Mar 24, 2014 08:35
Too much input causes sickness. It turns out Future Shock is real[1]. I was unwell yesterday. Some sort of 24 hour bug that left me listless and yet unable to sleep. (The app I have which monitors my sleep quality tells me I managed 9% sleep quality on Saturday night. This is roughly equivalent to someone at a rave having a bit of a sit down in the chill-out room, or a long distance lorry driver on the M6 resting his eyes.). I have a notion this sickness was caused by a surfeit of social media; and so here I am writing about it on LiveJournal.
Of course Dear Old Live Journal is now the oak panelled leather armchair of social media; there are words here rather than animated gifs with brightly coloured animated text. Thoughts, dreams, and pauses for breath.
It even has paragraphs.
The speed at which one has to assimilate information is not so fast. There is no instant messenger, no refresh buttons. You can look back a week, a month, years into the past.

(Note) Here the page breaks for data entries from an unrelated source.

(* Let $k\ge1$ and $m\ge0$. The largest positive integer $n\in A_{2k}$ with $\max\mathcal{CG}(n)=F_{2k+2m}$ is $$F_{2k}+F_{2k+2}+\cdots+F_{2k+2m-2}+2F_{2k+2m}$$ (for $m=0$ this is $2F_{2k}$).
   Context: Fibonacci numbers: $F_1=F_2=1$, $F_{n+1}=F_n+F_{n-1}$ for $n\ge2$. Chung–Graham decomposition: every positive integer $n$ has a unique representation $n=\sum_{i\ge1}c_iF_{2i}$ with $c_i\in\{0,1,2\}$, only finitely many nonzero, such that whenever $c_i=c_j=2$ with $i<j$ there is $k$ with $i<k<j$ and $c_k=0$. Let $\mathcal{CG}(n)$ be the set of $F_{2i}$ with $c_i\neq0$. For $k\ge1$, $A_{2k}=\{n\ge1:\min\mathcal{CG}(n)=F_{2k}\}$. *)

theory Defs
  imports "HOL-Number_Theory.Fib"
begin

definition cg_rep :: "nat \<Rightarrow> (nat \<Rightarrow> nat) \<Rightarrow> bool" where
  "cg_rep n c \<longleftrightarrow>
     c 0 = 0 \<and> (\<forall>i. c i \<le> 2) \<and> finite {i. c i \<noteq> 0} \<and>
     (\<forall>i j. 1 \<le> i \<and> i < j \<and> c i = 2 \<and> c j = 2 \<longrightarrow> (\<exists>k. i < k \<and> k < j \<and> c k = 0)) \<and>
     n = (\<Sum>i\<in>{i. c i \<noteq> 0}. c i * fib (2 * i))"

definition cg_coeffs :: "nat \<Rightarrow> (nat \<Rightarrow> nat)" where
  "cg_coeffs n = (THE c. cg_rep n c)"

definition CG :: "nat \<Rightarrow> nat set" where
  "CG n = {fib (2 * i) | i. 1 \<le> i \<and> cg_coeffs n i \<noteq> 0}"

definition A_even :: "nat \<Rightarrow> nat set" where
  "A_even k = {n. 1 \<le> n \<and> Min (CG n) = fib (2 * k)}"

end

theory Submission
  imports Defs
begin

declare fib2 [simp del]

text \<open>The key estimate is
  (\<Sum>i\<le>N. c i F(2i)) + F(2k+1) \<le> F(2N+2) for admissible c vanishing at all indices \<le> k,
  improving to F(2N+1) when c is closed at N; it follows by induction on N from
  F(2N+4) = 2F(2N+2) + F(2N+1) and F(2N+3) = F(2N+2) + F(2N+1). For k = 0 it says that
  the lower digits contribute less than the next Fibonacci number, so the top digit is
  determined by the sum: this gives uniqueness, and a greedy choice of the top digit
  gives existence. If n \<in> A(2k) and max CG(n) = F(2k+2m), the digits of n vanish below k
  and above k+m, so n + F(2k-1) \<le> F(2k+2m+2), and the right-hand side is exactly
  F(2k-1) plus the claimed maximizer, whose digits are 1 at k..k+m-1 and 2 at k+m.\<close>

abbreviation cg_sum :: "(nat \<Rightarrow> nat) \<Rightarrow> nat \<Rightarrow> nat" where
  "cg_sum c N \<equiv> \<Sum>i\<le>N. c i * fib (2 * i)"

definition cg_separated :: "(nat \<Rightarrow> nat) \<Rightarrow> bool" where
  "cg_separated c \<longleftrightarrow>
     (\<forall>i j. 1 \<le> i \<and> i < j \<and> c i = 2 \<and> c j = 2 \<longrightarrow> (\<exists>k. i < k \<and> k < j \<and> c k = 0))"

definition cg_admissible :: "(nat \<Rightarrow> nat) \<Rightarrow> bool" where
  "cg_admissible c \<longleftrightarrow> c 0 = 0 \<and> (\<forall>i. c i \<le> 2) \<and> cg_separated c"

definition cg_closed :: "(nat \<Rightarrow> nat) \<Rightarrow> nat \<Rightarrow> bool" where
  "cg_closed c N \<longleftrightarrow> (\<forall>j. 1 \<le> j \<and> j \<le> N \<and> c j = 2 \<longrightarrow> (\<exists>k. j < k \<and> k \<le> N \<and> c k = 0))"

lemma fib_odd_Suc: "fib (2 * Suc N + 1) = fib (2 * N + 2) + fib (2 * N + 1)"
  using fib_plus_2[of "2 * N + 1"] by (simp add: numeral_eq_Suc)

lemma fib_even_Suc: "fib (2 * Suc N + 2) = 2 * fib (2 * N + 2) + fib (2 * N + 1)"
  using fib_plus_2[of "2 * N + 2"] fib_odd_Suc[of N] by (simp add: numeral_eq_Suc)

lemma fib_even_strict_mono: "i < j \<Longrightarrow> fib (2 * i) < fib (2 * j)"
proof -
  assume "i < j"
  then obtain j' where j: "j = Suc j'" and "i \<le> j'" by (cases j) auto
  then have "fib (2 * i) \<le> fib (2 * j')" by (simp add: fib_mono)
  moreover have "fib (2 * j) = fib (2 * j' + 1) + fib (2 * j')"
    using fib_plus_2[of "2 * j'"] j by simp
  moreover have "0 < fib (2 * j' + 1)" by (simp add: fib_neq_0_nat)
  ultimately show ?thesis by linarith
qed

The signal to noise ratio, particularly since the what kind of quiz am I contingent moved to facebook, is a lot higher.
At the weekend I looked at Whisper; twitter for teens. A vast space where people shout into the void surrounded by coloured icons. It was ... Awful.
So many damaged, lonely, desperate people backed up with an AI that selected images to sit behind whatever people had to say. The AI was broken, or the pattern matching algorithm has been designed by someone who did not understand semantics.
"Like watching people on ketamine trying to spell car crash," I suggested. The search engine returned a photo of some GG list celebrity in her underwear.
I turned away from it. The whimpers of 17 y/o M looking for fun were too much. Imagine twitter where every tweet is presented to you. There is no filtering, no friends list, you can sort by proximity and popularity. But ten minutes was enough for the memetic code to make the leap into meatspace.
Every time I closed my eyes I could see the data stream, I could hear the machine grinding down the virtual souls of the tens of thousands of people plugged and tugged into it. Selfies and photographs of genitals, shouts for attention, cries for help. Thousands every minute. Me. Me. Me!
I purged it. Painkillers and sparkling water, a vicious work out (contra-indicated when you are unwell, but I have a grading next week and it was good practice,) and a bath hot enough to steam it out of me.
When I left the bath, the grey water flickered with data, icons of dope plants, girls with duckface, men pretending to be lesbians in order to get naked pictures (presumably from other men pretending to be lesbians.)
Twenty four hours jacked up on Whisper: A drug stronger than any amphetamine or cocaine derivative. Crystal Ethernet / Freebase data. The sort of thing that Jeff Noon writes about, but here and now in the real world.
That shit is dangerous!
***
This story is not entirely a work of fiction. I really have been unwell, and Whisper is every bit as awful as I described.
However I slept - at 99% - for almost nine hours last night and I feel a hell of a lot better for it.